Ce sujet fait l’objet de nombreux développements depuis quelque temps et leurs auteurs mettent en balance les avantages et inconvénients des diverses solutions proposées qui, dans l’ensemble, sont proches de celle préconisée par le général Schmitt dans notre numéro d’avril : une armée mixte. Dans ce texte, l'auteur, général commandant la 2e Division blindée (DB), rejoint cette idée en proposant l’extension et l’approfondissement du Volontariat service long (VSL).
Armée de métier ou de conscription ?
Les mutations technologiques, sociales et politiques qui caractérisent la dernière décennie du XXe siècle posent d’une manière accrue le problème de la nature des forces armées de la France dans le contexte européen. Une donnée nouvelle dicte le volume de celles-ci : ce n’est plus le potentiel démographique d’une nation qui conditionne la dimension des forces, mais le coût croissant des armements et des équipements de plus en plus perfectionnés et la part de richesse nationale que la nation accepte de consacrer à sa défense. Il en découle que les armées de masse ont vécu. Or, la France a établi la conscription à la fin du XVIIIe siècle pour recruter des troupes assez nombreuses afin de faire face à l’Europe coalisée, puis dans le courant du XXe siècle pour soutenir le conflit contre l’Allemagne. Désormais, avec la nouvelle donnée, se pose la question du maintien de la conscription ou du passage à une armée de métier.

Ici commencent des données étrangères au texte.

lemma bij_betw_split_subsets_of_size:
  assumes "finite U" "S \<subseteq> U" "m \<le> n1"
  shows "bij_betw (\<lambda>T. (S \<inter> T, T - S)) {T\<in>subsets_of_size U n1. card (S \<inter> T) = m}
    (subsets_of_size S m \<times> subsets_of_size (U - S) (n1 - m))"
proof (rule bij_betw_byWitness[where f' = "\<lambda>(A, R). A \<union> R"])
  have card_split: "card T = card (S \<inter> T) + card (T - S)" if "T \<subseteq> U" for T
    using card_Int_Diff[OF finite_subset[OF that assms(1)], of S] by (simp add: Int_commute)
  show "\<forall>T\<in>{T\<in>subsets_of_size U n1. card (S \<inter> T) = m}. (\<lambda>(A, R). A \<union> R) (S \<inter> T, T - S) = T"
    by auto
  show "\<forall>AR\<in>subsets_of_size S m \<times> subsets_of_size (U - S) (n1 - m).
      (\<lambda>T. (S \<inter> T, T - S)) ((\<lambda>(A, R). A \<union> R) AR) = AR"
    by (auto simp: subsets_of_size_def)
  have "(S \<inter> T, T - S) \<in> subsets_of_size S m \<times> subsets_of_size (U - S) (n1 - m)"
    if "T \<in> {T\<in>subsets_of_size U n1. card (S \<inter> T) = m}" for T
    using that card_split[of T] by (auto simp: subsets_of_size_def)
  then show "(\<lambda>T. (S \<inter> T, T - S)) ` {T\<in>subsets_of_size U n1. card (S \<inter> T) = m}
      \<subseteq> subsets_of_size S m \<times> subsets_of_size (U - S) (n1 - m)"
    by blast
  have "A \<union> R \<in> {T\<in>subsets_of_size U n1. card (S \<inter> T) = m}"
    if A: "A \<in> subsets_of_size S m" and R: "R \<in> subsets_of_size (U - S) (n1 - m)" for A R
  proof -
    have "S \<inter> (A \<union> R) = A" "A \<union> R - S = R" "A \<union> R \<subseteq> U"
      using A R assms(2) by (auto simp: subsets_of_size_def)
    then show ?thesis
      using card_split[of "A \<union> R"] A R assms(3) by (simp add: subsets_of_size_def)
  qed
  then show "(\<lambda>(A, R). A \<union> R) ` (subsets_of_size S m \<times> subsets_of_size (U - S) (n1 - m))
      \<subseteq> {T\<in>subsets_of_size U n1. card (S \<inter> T) = m}"
    by auto
qed

lemma card_subsets_of_size_by_trace:
  assumes "finite U" "S \<subseteq> U"
  shows "card {T\<in>subsets_of_size U n1. P (S \<inter> T)} =
    (\<Sum>m\<le>n1. card {A\<in>subsets_of_size S m. P A} * card (subsets_of_size (U - S) (n1 - m)))"
proof -
  let ?F = "\<lambda>m. {T\<in>subsets_of_size U n1. card (S \<inter> T) = m \<and> P (S \<inter> T)}"
  have "card (S \<inter> T) \<le> n1" if "T \<in> subsets_of_size U n1" for T
  proof -
    have "T \<subseteq> U" "card T = n1"
      using that by (auto simp: subsets_of_size_def)
    then show ?thesis
      using card_mono[OF finite_subset[OF \<open>T \<subseteq> U\<close> assms(1)], of "S \<inter> T"] by simp
  qed
  then have "{T\<in>subsets_of_size U n1. P (S \<inter> T)} = (\<Union>m\<le>n1. ?F m)"
    by auto
  moreover have "card (\<Union>m\<le>n1. ?F m) = (\<Sum>m\<le>n1. card (?F m))"
    by (rule card_UN_disjoint) (use finite_subsets_of_size[OF assms(1)] in auto)
  ultimately have "card {T\<in>subsets_of_size U n1. P (S \<inter> T)} = (\<Sum>m\<le>n1. card (?F m))"
    by simp
  also have "\<dots> = (\<Sum>m\<le>n1. card {A\<in>subsets_of_size S m. P A} * card (subsets_of_size (U - S) (n1 - m)))"
  proof (rule sum.cong[OF refl])
    fix m assume "m \<in> {..n1}"
    then have "bij_betw (\<lambda>T. (S \<inter> T, T - S))
        {T\<in>{T\<in>subsets_of_size U n1. card (S \<inter> T) = m}. P (S \<inter> T)}
        {AR\<in>subsets_of_size S m \<times> subsets_of_size (U - S) (n1 - m). P (fst AR)}"
      by (intro bij_betw_Collect[OF bij_betw_split_subsets_of_size[OF assms]]) auto
    moreover have "{T\<in>{T\<in>subsets_of_size U n1. card (S \<inter> T) = m}. P (S \<inter> T)} = ?F m"
      by auto
    moreover have "{AR\<in>subsets_of_size S m \<times> subsets_of_size (U - S) (n1 - m). P (fst AR)}
        = {A\<in>subsets_of_size S m. P A} \<times> subsets_of_size (U - S) (n1 - m)"
      by auto
    ultimately have "card (?F m) = card ({A\<in>subsets_of_size S m. P A} \<times> subsets_of_size (U - S) (n1 - m))"
      using bij_betw_same_card by fastforce
    then show "card (?F m) = card {A\<in>subsets_of_size S m. P A} * card (subsets_of_size (U - S) (n1 - m))"
      by (simp only: card_cartesian_product)
  qed
  finally show ?thesis .
qed

lemma card_subsets_of_size_pvalue_le:
  fixes \<alpha> :: real
  assumes "finite U" "S \<subseteq> U" "0 \<le> \<alpha>"
  shows "card {T\<in>subsets_of_size U n1. GRS b phi S (card (S \<inter> T)) y0 (tRS b phi S T u) \<le> \<alpha>}
    \<le> \<alpha> * card (subsets_of_size U n1)"
proof -
  let ?K = "\<lambda>m. real (card (subsets_of_size (U - S) (n1 - m)))"
  let ?Q = "\<lambda>m. {A\<in>subsets_of_size S m. GRS b phi S m y0 (tRS b phi S A u) \<le> \<alpha>}"
  have finS: "finite S"
    using assms(1,2) finite_subset by blast
  have "{A\<in>subsets_of_size S m. GRS b phi S (card A) y0 (tRS b phi S A u) \<le> \<alpha>} = ?Q m" for m
    by (auto simp: subsets_of_size_def)
  then have "real (card {T\<in>subsets_of_size U n1. GRS b phi S (card (S \<inter> T)) y0 (tRS b phi S T u) \<le> \<alpha>})
      = (\<Sum>m\<le>n1. card (?Q m) * ?K m)"
    using card_subsets_of_size_by_trace[OF assms(1,2), of n1
        "\<lambda>A. GRS b phi S (card A) y0 (tRS b phi S A u) \<le> \<alpha>"]
    by (simp add: tRS_Int)
  also have "\<dots> \<le> (\<Sum>m\<le>n1. \<alpha> * card (subsets_of_size S m) * ?K m)"
    by (intro sum_mono mult_right_mono card_subsets_GRS_le[OF finS assms(3)]) simp
  also have "\<dots> = \<alpha> * (\<Sum>m\<le>n1. card (subsets_of_size S m) * ?K m)"
    by (simp add: sum_distrib_left mult.assoc)
  also have "\<dots> = \<alpha> * card (subsets_of_size U n1)"
    using card_subsets_of_size_by_trace[OF assms(1,2), of n1 "\<lambda>_. True"] by simp
  finally show ?thesis .
qed

(* Needs Y(0) also on the treated units, so it is not a statistic of the observed data. *)
definition oracle_pval :: "bool \<Rightarrow> (nat \<Rightarrow> real) \<Rightarrow> nat set \<Rightarrow> (nat \<Rightarrow> real)
                            \<Rightarrow> (nat \<Rightarrow> 'a::linorder) \<Rightarrow> nat set \<Rightarrow> real" where
  "oracle_pval b phi S y0 u T = GRS b phi S (card (S \<inter> T)) y0 (tRS b phi S T u)"

lemma prob_oracle_pval_le:
  fixes \<alpha> :: real
  assumes "S \<subseteq> {..<n}" "n1 \<le> n" "0 \<le> \<alpha>"
  shows "measure_pmf.prob (pmf_of_set (assignments n n1)) {T. oracle_pval b phi S y0 u T \<le> \<alpha>} \<le> \<alpha>"
proof -
  let ?asg = "subsets_of_size {..<n} n1"
  have "?asg \<noteq> {}" "finite ?asg"
    using subsets_of_size_eq_empty_iff[of "{..<n}" n1] assms(2) finite_subsets_of_size by auto
  then have "measure_pmf.prob (pmf_of_set ?asg) {T. oracle_pval b phi S y0 u T \<le> \<alpha>}
      = card {T\<in>?asg. oracle_pval b phi S y0 u T \<le> \<alpha>} / card ?asg"
    by (simp add: measure_pmf_of_set Int_def conj_commute)
  also have "\<dots> \<le> \<alpha>"
    using card_subsets_of_size_pvalue_le[OF _ assms(1,3), of n1] \<open>?asg \<noteq> {}\<close> \<open>finite ?asg\<close>
    by (simp add: oracle_pval_def divide_le_eq card_gt_0_iff)
  finally show ?thesis
    unfolding assignments_eq_subsets_of_size .
qed

section \<open>Prediction intervals for the treated effects\<close>

lemma Sobs_sharp: "\<forall>i<n. M1 i = M0 i \<Longrightarrow> Sobs n M1 M0 T = {i. i < n \<and> M1 i}"
  unfolding Sobs_def Mobs_def by auto

lemma finite_Sobs: "finite (Sobs n M1 M0 T)"
  unfolding Sobs_def by simp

Quels que soient les discours plus ou moins tendancieux à ce sujet, les Français n’ont que modérément admis la conscription et, d’une manière générale, ne s’y sont soumis que par nécessité. En effet, il est une constante historique : la France est bien une nation guerrière, mais pas militariste. Son histoire est bien là pour le démontrer, mais c’est plus l’entraînement des rapports de forces dans les relations internationales qui l’a conduite à mener des guerres qu’une vocation historique. Il en découle que, de toujours, la vie sous les armes n’a pas été spécifiquement recherchée par la majorité de la population.
La monarchie le savait bien. Selon les lois coutumières du royaume, elle pouvait avoir recours à la levée en masse par la mobilisation et l’envoi aux armées en campagne des milices, qu’en vertu de la tradition féodale de l’appel au service de l’ost les communes et les paroisses étaient tenues de lever. Les monarques français ne se résolurent à cette mesure extrême que deux fois, au fond de l’abîme, après avoir épuisé toutes les autres solutions, y compris celle qui consistait à offrir la paix aux conditions exigées par l’adversaire. La première fois, ce fut pour aller à Bouvines, en 1214, contre la coalition composée par le Saint Empire romain germanique, l’Angleterre et les Flamands. La seconde et dernière fois, ce fut pour envoyer le maréchal de Villars à Denain, en 1712, après que Louis XIV, sur ses vieux jours et à bout de ressources, eut fait fondre sa vaisselle d’argent. Autrement, la monarchie recrutait une armée de métier parmi des engagés ou mercenaires français et étrangers et choisissait pour la commander aussi bien des Français que des étrangers.